"Secara keseluruhan tahun, pertumbuhan ekonomi 2024 diperkirakan berada dalam kisaran 4,7%-5,5% dan akan meningkat menjadi 4,8%-5,6% pada 2025," kata Perry.
Ke depan, berbagai upaya perlu terus ditempuh untuk mendukung pertumbuhan ekonomi, baik dari sisi permintaan maupun penawaran. Maka itu, BI memperkuat bauran kebijakan untuk mendorong pertumbuhan ekonomi dan bersinergi erat dengan kebijakan stimulus fiskal pemerintah, didukung stimulus kebijakan makroprudensial.
Bank sentral akan mengumumkan posisi suku bunga acuan atau BI Rate usai menggelar Rapat Dewan Gubernur Bank Indonesia (RDG BI) Desember 2024 pada hari ini, Rabu (18/12/2024).
Kalangan ekonom memproyeksi BI Rate akan tetap bertahan pada level 6%, meski ruang pemangkasan dinilai masih terbuka.
Ekonom Lembaga Penyelidikan Ekonomi dan Masyarakat (LPEM) Universitas Indonesia Teuku Riefky berpandangan BI perlu menahan BI Rate pada level 6% pada Desember 2024 ini.
Riefky menyoroti inflasi pada November 2024 turun ke 1,55% secara tahunan (year on year/yoy) dan mencapai titik terendahnya sejak April 2021.
Angka inflasi yang lebih rendah pada November 2024, terutama didorong oleh turunnya inflasi bahan makanan dan deflasi harga pangan bergejolak akibat efek basis yang tinggi atau high-base dan melimpahnya pasokan bahan makanan pasca-musim panen.
Selain itu, pasar modal di berbagai negara berkembang berada di bawah tekanan dalam dua bulan terakhir di tengah kekhawatiran atas potensi kenaikan tarif terhadap barang impor ke Amerika Serikat di bawah pemerintahan Donald Trump.

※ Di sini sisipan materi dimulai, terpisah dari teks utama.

lemma schur_quotient_formula:
  assumes S: "finite S" and J: "finite J" and disj: "S \<inter> J = {}"
    and LS: "nonsingular_on S L" and LU: "nonsingular_on (S \<union> J) L"
  shows "schur J (schur S L) x y = schur (S \<union> J) L x y"
proof -
  let ?U = "S \<union> J"
  have U: "finite ?U"
    using S J by simp
  define H where "H k = (\<Sum>l\<in>?U. pinv_on ?U L k l * - L l y)" for k
  have H: "(\<Sum>q\<in>?U. L p q * H q) = - L p y" if "p \<in> ?U" for p
    unfolding H_def by (rule inverse_on_solution[OF U inverse_on_pinv_on[OF U LU] that])
  have HS_row: "(\<Sum>q\<in>S. L p q * H q) = - (L p y + (\<Sum>q\<in>J. L p q * H q))" if "p \<in> S" for p
    using H[of p] that S J disj by (simp add: sum.union_disjoint)
  have HS: "H k = - (\<Sum>l\<in>S. pinv_on S L k l * (L l y + (\<Sum>q\<in>J. L l q * H q)))"
    if "k \<in> S" for k
    using inverse_on_solve[OF S inverse_on_pinv_on[OF S LS] that HS_row]
    by (simp only: mult_minus_right sum_negf)
  have elim: "(\<Sum>q\<in>?U. L x q * H q) = (\<Sum>q\<in>J. schur S L x q * H q) - (L x y - schur S L x y)" for x
    using schur_elimination[OF S J disj HS, of x] by (simp add: schur_def)
  have HJ: "(\<Sum>q\<in>J. schur S L p q * H q) = - schur S L p y" if "p \<in> J" for p
    using elim[of p] H[of p] that by simp
  have "schur J (schur S L) x y = schur S L x y + (\<Sum>q\<in>J. schur S L x q * H q)"
    by (rule schur_eq_solution[OF J nonsingular_on_schur[OF assms] HJ])
  also have "\<dots> = L x y + (\<Sum>q\<in>?U. L x q * H q)"
    using elim[of x] by simp
  also have "\<dots> = schur ?U L x y"
    by (rule schur_eq_solution[OF U LU H, symmetric])
  finally show ?thesis .
qed
lemma uniform_ratio_cyl_cmp:
  assumes f: "\<And>v. v \<in> verts G \<Longrightarrow> f v \<in> mor G \<and> rng G (f v) = v"
  obtains c where "0 < c" "c \<le> 1"
    "\<And>\<mu>. \<mu> \<in> mor G \<Longrightarrow> c * measure M (cyl G \<mu>) \<le> measure M (cyl G (cmp G \<mu> (f (src G \<mu>))))"
proof -
  define c where "c = Min ((\<lambda>v. measure M (cyl G (f v)) / measure M (cyl G v)) ` verts G)"
  have ne: "verts G \<noteq> {}" using exists_vertex_measure_pos by blast
  have c_le: "c * measure M (cyl G v) \<le> measure M (cyl G (f v))" if v: "v \<in> verts G" for v
  proof -
    have "c \<le> measure M (cyl G (f v)) / measure M (cyl G v)"
      unfolding c_def using finite_verts v by simp
    then show ?thesis using measure_cyl_vertex_pos[OF v] by (simp add: pos_le_divide_eq)
  qed
  have "0 < c"
    unfolding c_def using finite_verts ne f measure_cyl_pos measure_cyl_vertex_pos by simp
  moreover have "c \<le> 1"
  proof -
    obtain v where v: "v \<in> verts G" using ne by blast
    have "measure M (cyl G (f v)) \<le> measure M (cyl G v)"
      using finite_measure_mono[OF cyl_subset_cyl_rng sets_cyl] f[OF v] verts_mor[OF v] by metis
    then have "c * measure M (cyl G v) \<le> 1 * measure M (cyl G v)" using c_le[OF v] by simp
    then show ?thesis using measure_cyl_vertex_pos[OF v] by (simp only: mult_le_cancel_right_pos)
  qed
  moreover have "c * measure M (cyl G \<mu>) \<le> measure M (cyl G (cmp G \<mu> (f (src G \<mu>))))"
    if \<mu>: "\<mu> \<in> mor G" for \<mu>
  proof -
    let ?v = "src G \<mu>"
    have v: "?v \<in> verts G" using src_in_verts[OF \<mu>] .
    have "c * measure M (cyl G \<mu>) * measure M (cyl G ?v) \<le> measure M (cyl G \<mu>) * measure M (cyl G (f ?v))"
      using mult_left_mono[OF c_le[OF v] measure_nonneg] by (simp add: ac_simps)
    also have "\<dots> = measure M (cyl G (cmp G \<mu> (f ?v))) * measure M (cyl G ?v)"
      using measure_cyl_cmp[OF \<mu>, of "f ?v"] f[OF v] by simp
    finally show ?thesis using measure_cyl_vertex_pos[OF v] by simp
  qed
  ultimately show ?thesis using that by blast
qed

lemma measure_equaliser_eq_zero:
  assumes "y \<in> paths G" "shift m y \<noteq> shift n y"
  shows "measure M (equaliser G m n) = 0"
proof -
  obtain l where l: "l \<in> mor G" "cyl G l \<inter> equaliser G m n = {}"
    using equaliser_avoided_by_cylinder[OF assms] by blast
  have "\<exists>\<nu>. \<nu> \<in> mor G \<and> rng G \<nu> = v \<and> (\<forall>\<mu>\<in>mor G. src G \<mu> = v \<longrightarrow> cyl G (cmp G \<mu> \<nu>) \<inter> equaliser G m n = {})"
    if v: "v \<in> verts G" for v
  proof -
    obtain a where a: "a \<in> mor G" "rng G a = v" "src G a = rng G l"
      using strongly_connected v rng_in_verts[OF l(1)] unfolding strongly_connected_def by blast
    have "cyl G (cmp G \<mu> (cmp G a l)) \<inter> equaliser G m n = {}" if "\<mu> \<in> mor G" "src G \<mu> = v" for \<mu>
      using cyl_cmp_disjoint_equaliser[OF cyl_cmp_disjoint_equaliser[OF l(2) a(1) l(1) a(3)] that(1)]
        cmp_mor rng_cmp a l(1) that(2) by auto
    then show ?thesis using cmp_mor[OF a(1) l(1) a(3)] rng_cmp[OF a(1) l(1) a(3)] a(2) by blast
  qed
  then obtain f where f: "\<And>v. v \<in> verts G \<Longrightarrow> f v \<in> mor G \<and> rng G (f v) = v \<and>
      (\<forall>\<mu>\<in>mor G. src G \<mu> = v \<longrightarrow> cyl G (cmp G \<mu> (f v)) \<inter> equaliser G m n = {})"
    by metis
  obtain c where "0 < c" "c \<le> 1"
    and c: "\<And>\<mu>. \<mu> \<in> mor G \<Longrightarrow> c * measure M (cyl G \<mu>) \<le> measure M (cyl G (cmp G \<mu> (f (src G \<mu>))))"
    using uniform_ratio_cyl_cmp f by metis
  show ?thesis
  proof (rule measure_null_if_uniformly_avoided[OF sets_equaliser \<open>0 < c\<close> \<open>c \<le> 1\<close>])
    show "uniformly_avoided c (equaliser G m n)"
      unfolding uniformly_avoided_def using c f[OF src_in_verts] by blast
  qed
qed
(* Let $R$ be a commutative Noetherian ring, $I\subseteq R$ an ideal, and $(F_\bullet,d_\bullet)$ a free resolution of $R/I$ with $F_0=R$. Assume that for each $i\ge0$ there is an $R$-bilinear product $\cdot:F_1\otimes_R F_i\to F_{i+1}$ satisfying, for all $f_1\in F_1$, $f_i\in F_i$: (a) $d_{i+1}(f_1\cdot f_i)=d_1(f_1)f_i-f_1\cdot d_i(f_i)$, and (b) $f_1\cdot(f_1\cdot f_i)=0$. Then for any ideal $\mathfrak{a}\subseteq I$ generated by a regular sequence, $F_\bullet$ is a DG-module over the Koszul complex $K_\bullet$ resolving $R/\mathfrak{a}$.
   Context: A DG $K_\bullet$-module structure on $F_\bullet$ is a unital, associative action $K_p\otimes_R F_q\to F_{p+q}$ of the Koszul complex (viewed as the exterior algebra DG-algebra) satisfying $d(x\cdot f)=d(x)\cdot f+(-1)^{|x|}x\cdot d(f)$. *)

theory Defs
  imports Main
begin

definition is_ideal :: "'a::comm_ring_1 set \<Rightarrow> bool" where
  "is_ideal J \<longleftrightarrow> 0 \<in> J \<and> (\<forall>x\<in>J. \<forall>y\<in>J. x + y \<in> J) \<and> (\<forall>r. \<forall>x\<in>J. r * x \<in> J)"

definition ideal_gen :: "(nat \<Rightarrow> 'a::comm_ring_1) \<Rightarrow> nat \<Rightarrow> 'a set" where
  "ideal_gen a k = {\<Sum>j<k. r j * a j | r. True}"

definition noetherian_ring :: "'a::comm_ring_1 itself \<Rightarrow> bool" where
  "noetherian_ring TYPE('a) \<longleftrightarrow>
     (\<forall>J::'a set. is_ideal J \<longrightarrow> (\<exists>a k. J = ideal_gen a k))"

definition regular_sequence :: "(nat \<Rightarrow> 'a::comm_ring_1) \<Rightarrow> nat \<Rightarrow> bool" where
  "regular_sequence a n \<longleftrightarrow>
     (\<forall>k<n. \<forall>r. r * a k \<in> ideal_gen a k \<longrightarrow> r \<in> ideal_gen a k) \<and>
     ideal_gen a n \<noteq> UNIV"

definition free_mod :: "'i set \<Rightarrow> ('i \<Rightarrow> 'a::comm_ring_1) set" where
  "free_mod B = {f. (\<forall>x. x \<notin> B \<longrightarrow> f x = 0) \<and> finite {x. f x \<noteq> 0}}"

definition vadd :: "('i \<Rightarrow> 'a::comm_ring_1) \<Rightarrow> ('i \<Rightarrow> 'a) \<Rightarrow> 'i \<Rightarrow> 'a" where
  "vadd f g = (\<lambda>x. f x + g x)"

definition vscale :: "'a::comm_ring_1 \<Rightarrow> ('i \<Rightarrow> 'a) \<Rightarrow> 'i \<Rightarrow> 'a" where
  "vscale r f = (\<lambda>x. r * f x)"

definition vzero :: "'i \<Rightarrow> 'a::comm_ring_1" where
  "vzero = (\<lambda>x. 0)"

definition lin_on :: "('i \<Rightarrow> 'a::comm_ring_1) set \<Rightarrow> (('i \<Rightarrow> 'a) \<Rightarrow> ('j \<Rightarrow> 'a)) \<Rightarrow> bool" where
  "lin_on A h \<longleftrightarrow> (\<forall>u\<in>A. \<forall>v\<in>A. h (vadd u v) = vadd (h u) (h v)) \<and>
                   (\<forall>r. \<forall>u\<in>A. h (vscale r u) = vscale r (h u))"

"Akibatnya, Indonesia mengalami arus modal keluar sekitar US$0,75 miliar sejak pertengahan November dan rupiah terdepresiasi sebesar 1,39% secara bulanan atau month to month dari Rp15.770 per dolar Amerika Serikat [AS] menjadi Rp15.990 per dolar AS dalam 30 hari terakhir. Mengingat besarnya tekanan pada Rupiah, kami memandang BI perlu menahan suku bunga acuannya di 6% dalam RDG bulan ini," ujar Riefky dalam laporannya, dikutip Rabu (18/12/2024).